Former director of Lift-Up, Shellout Buckstome is expected to be charged with a misdemeanor today after investigations revealed that she was stealing from her employer. Buckstome allegedly took 800 bags from Lift-Up over the course of six months. Stolen goods included two Grateful Dead t-shirts, a pair of Solomon rear-entry ski boots, scratched Bolle goggles, and a Songs of Pirate Theatre CD, which, only came to a total value of $14.52
A police reenactment photo of possible bags of loot lifted from Lift-Up in the Shellout Buckstone heist case in Routt County. It's probably pretty accurate.

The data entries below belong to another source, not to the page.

theorem proposition5p4:
  fixes \<pi> :: "'a::finite \<Rightarrow> real"
    and G :: "('g, 'b) monoid_scheme"
    and \<phi> :: "'g \<Rightarrow> 'a \<Rightarrow> 'a"
  assumes pos: "\<And>x. \<pi> x > 0"
    and sum1: "(\<Sum>x\<in>UNIV. \<pi> x) = 1"
    and act: "group_action G UNIV \<phi>"
    and P: "P \<in> stat_kernels \<pi>"
    and Q: "Q \<in> stat_kernels \<pi>"
    and GQG: "gibbs_kernel G \<phi> \<pi> \<star> Q \<star> gibbs_kernel G \<phi> \<pi> = Q"
  shows "KL \<pi> P Q \<ge> KL \<pi> (P \<star> metropolis_kernel G \<phi> \<pi>) Q \<and>
         KL \<pi> P Q \<ge> KL \<pi> (P \<star> barker_kernel G \<phi> \<pi>) Q \<and>
         KL \<pi> P Q \<ge> KL \<pi> (metropolis_kernel G \<phi> \<pi> \<star> P) Q \<and>
         KL \<pi> P Q \<ge> KL \<pi> (barker_kernel G \<phi> \<pi> \<star> P) Q"
proof -
  \<comment> \<open>of the hypotheses on \<pi>, P and Q only positivity of \<pi> and nonnegativity of P, Q are used\<close>
  have P0: "\<And>x y. P x y \<ge> 0" and Q0: "\<And>x y. Q x y \<ge> 0"
    using P Q by (simp_all add: stat_kernels_def stochastic_def)
  have "KL \<pi> (P \<star> orbit_MH_type_kernel acc G \<phi> \<pi>) Q \<le> KL \<pi> P Q \<and>
        KL \<pi> (orbit_MH_type_kernel acc G \<phi> \<pi> \<star> P) Q \<le> KL \<pi> P Q"
    if "balanced_acceptance acc" for acc
    using KL_reversible_orbit_kernel_le[where P = P and Q = Q, OF pos act P0 Q0 GQG]
      reversible_orbit_kernel_orbit_MH_type_kernel[where \<pi> = \<pi>, OF act pos that]
    by blast
  from this[OF balanced_acceptance_metropolis] this[OF balanced_acceptance_barker] show ?thesis
    unfolding metropolis_kernel_def barker_kernel_def by simp
qed

end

"Because she didn't meet the monetary requirement, we cannot charge her with a felony," said a local Steamboat Police Department representative Buster Grabbin. "However, she will be prosecuted to the full extent of the law," said Grabbin.
The allegations have sparked another investigation at Rummagers, where Buckstome was employed as an accountant prior to accepting the position at Lift-Up. When asked for comment, Buckstome--who is currently applying for a job at Alpine Bank--replied, "Charity begins at home."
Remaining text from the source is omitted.